The almanacs sold like hot cakes at every social level. Though the nobility and gentry could well afford their own astrologers if they wished (and many of them did wish), they also bought the annuals, just as people today buy do-it-yourself health books to read in their doctors' waiting rooms.

There is an almanac of 1624 with the autograph of Charles I inside the cover; Lord Burghley, Elizabeth's Treasurer, had a series in his library, some annotated in his own hand; Essex, the Parliamentary general, the Earl of Clarendon, Bishop Wren of Norwich were other subscribers - the last two making careful notes in their almanacs while imprisoned in the Tower of London.

Many university dons 'took in' the almanacs, and seamen were devoted to them: Lieutenant John Weale, serving under Admiral Blake, took on his voyages 'a bottle of ink, a pocket almanac, and a sheet almanac'. As late as 1709 the Quakers of Derbyshire acquired (for a penny ha'penny) an almanac for their lending library.
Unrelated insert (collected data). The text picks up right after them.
text \<open>\<open>S\<close> contains \<open>1\<close>, the central involution \<open>r\<^sup>N\<^sup>/\<^sup>2\<close>, conjugates \<open>r\<^sup>i s\<close> and \<open>r\<^sup>j s\<close> of
  \<open>s\<close> and \<open>r s\<close> with \<open>i\<close> even and \<open>j\<close> odd, and their product \<open>r\<^sup>i\<^sup>-\<^sup>j\<close>. For \<open>4 | N\<close> these
  five are told apart by the parity of the rotation index, which conjugation preserves
  as \<open>N\<close> is even, and by the reflection bit.\<close>
lemma dihedral_five_le_card_if_meets_all_involution_classes:
  assumes "4 dvd N" "submonoid S (dihedral N)" "meets_all_involution_classes (dihedral N) S"
  shows "5 \<le> card S"
proof -
  note S = submonoid.subset[OF assms(2)] submonoid.one_closed[OF assms(2)]
  note closed = submonoid.m_closed[OF assms(2)]
  note involutions = assms(3)[unfolded meets_all_involution_classes_def, rule_format]
  have "0 < N"
    using S by (auto simp: carrier_dihedral one_dihedral)
  interpret group "dihedral N"
    using group_dihedral \<open>0 < N\<close> .
  define m where "m = N div 2"
  have N: "N = 2 * m" "even m" "0 < m"
    using \<open>4 dvd N\<close> \<open>0 < N\<close> by (auto simp: m_def)
  have reflection_conjugate: "\<exists>x\<in>S. even (fst x) = even j \<and> snd x" if "j < N" for j
  proof -
    have "(j, True) \<in> carrier (dihedral N)" "(j, True) \<noteq> \<one>\<^bsub>dihedral N\<^esub>"
        "(j, True) \<otimes>\<^bsub>dihedral N\<^esub> (j, True) = \<one>\<^bsub>dihedral N\<^esub>"
      using that by (simp_all add: carrier_dihedral one_dihedral dihedral_mult)
    then obtain p where "p \<in> carrier (dihedral N)"
        "inv\<^bsub>dihedral N\<^esub> p \<otimes>\<^bsub>dihedral N\<^esub> (j, True) \<otimes>\<^bsub>dihedral N\<^esub> p \<in> S"
      using involutions by blast
    then show ?thesis
      using dihedral_conjugate_invariants[of N p "(j, True)"] N \<open>0 < N\<close> that
      by (fastforce simp: carrier_dihedral)
  qed
  obtain u where u: "u \<in> S" "even (fst u)" "snd u"
    using reflection_conjugate[of 0] \<open>0 < N\<close> by auto
  obtain v where v: "v \<in> S" "odd (fst v)" "snd v"
    using reflection_conjugate[of 1] N by auto
  obtain w where w: "w \<in> S" "odd (fst w)" "\<not> snd w"
  proof
    show "u \<otimes>\<^bsub>dihedral N\<^esub> v \<in> S" "odd (fst (u \<otimes>\<^bsub>dihedral N\<^esub> v))"
        "\<not> snd (u \<otimes>\<^bsub>dihedral N\<^esub> v)"
      using closed[OF u(1) v(1)] dihedral_mult_even_iff[of N v u] dihedral_mult_int(2)[of v N u] u v N S
      by (auto simp: carrier_dihedral)
  qed
  define z where "z = (m, False)"
  have z: "z \<in> carrier (dihedral N)" "z \<noteq> \<one>\<^bsub>dihedral N\<^esub>" "z \<otimes>\<^bsub>dihedral N\<^esub> z = \<one>\<^bsub>dihedral N\<^esub>"
    using N by (simp_all add: z_def carrier_dihedral one_dihedral dihedral_mult flip: mult_2)
  have central: "x \<otimes>\<^bsub>dihedral N\<^esub> z = z \<otimes>\<^bsub>dihedral N\<^esub> x" for x
    using N by (cases x) (simp add: z_def dihedral_mult add.commute)
  obtain p where p: "p \<in> carrier (dihedral N)"
      "inv\<^bsub>dihedral N\<^esub> p \<otimes>\<^bsub>dihedral N\<^esub> z \<otimes>\<^bsub>dihedral N\<^esub> p \<in> S"
    using involutions z by blast
  moreover have "inv\<^bsub>dihedral N\<^esub> p \<otimes>\<^bsub>dihedral N\<^esub> z \<otimes>\<^bsub>dihedral N\<^esub> p = z"
    using p(1) z(1) by (simp add: m_assoc central[symmetric] m_assoc[symmetric])
  ultimately have "z \<in> S"
    by simp
  have "{\<one>\<^bsub>dihedral N\<^esub>, z, u, v, w} \<subseteq> S"
    using S(2) \<open>z \<in> S\<close> u v w by auto
  moreover have "distinct [\<one>\<^bsub>dihedral N\<^esub>, z, u, v, w]"
    using u v w N by (auto simp: z_def one_dihedral)
  then have "card {\<one>\<^bsub>dihedral N\<^esub>, z, u, v, w} = 5"
    using distinct_card by fastforce
  moreover have "finite S"
    using S(1) by (rule finite_subset) (simp add: carrier_dihedral)
  ultimately show ?thesis
    by (metis card_mono)
qed

lemma mod_4_eq_2_if_one_rotational_dihedral:
  assumes "0 < N" "one_rotational (dihedral N) 4 FF"
  shows "N mod 4 = 2"
proof -
  interpret group "dihedral N"
    using group_dihedral \<open>0 < N\<close> .
  have "2 * N = 4 * card FF"
    using card_eq_mult_card_k_factorization[of "carrier (dihedral N)" 4 FF] assms(2)
    by (simp add: one_rotational_def Gbar_eq carrier_dihedral card_cartesian_product)
  then have "even N"
    by presburger
  obtain S where "submonoid S (dihedral N)" "card S = 4" "meets_all_involution_classes (dihedral N) S"
    using one_rotational_stabilizer[OF assms(2)] by auto
  then have "\<not> 4 dvd N"
    using dihedral_five_le_card_if_meets_all_involution_classes[of N S] by fastforce
  then show ?thesis
    using \<open>even N\<close> by presburger
qed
Their popularity was enormous, partly because they were useful (as diaries, for instance), partly as popular entertainment. Some of them offered educational supplements on religion, medicine, magic, even sex: when the planets were in certain positions, love-making was positively dangerous - the 'dog days' of July and August were especially so.

One satirist suggested that this was a time of year when adultery was common, for most husbands obeyed the astrologers' injunction to refrain from sex, and their wives turned to other quarters for satisfaction, on the grounds that 'if husband won't another must'. But there was positive advice, too: Walter Gray, in his notes for May 1581, simply enjoined 'Let Venus be embraced', while a contemporary suggested that his readers should 'embrace Venus honestly' in May, and 'daintily' in November.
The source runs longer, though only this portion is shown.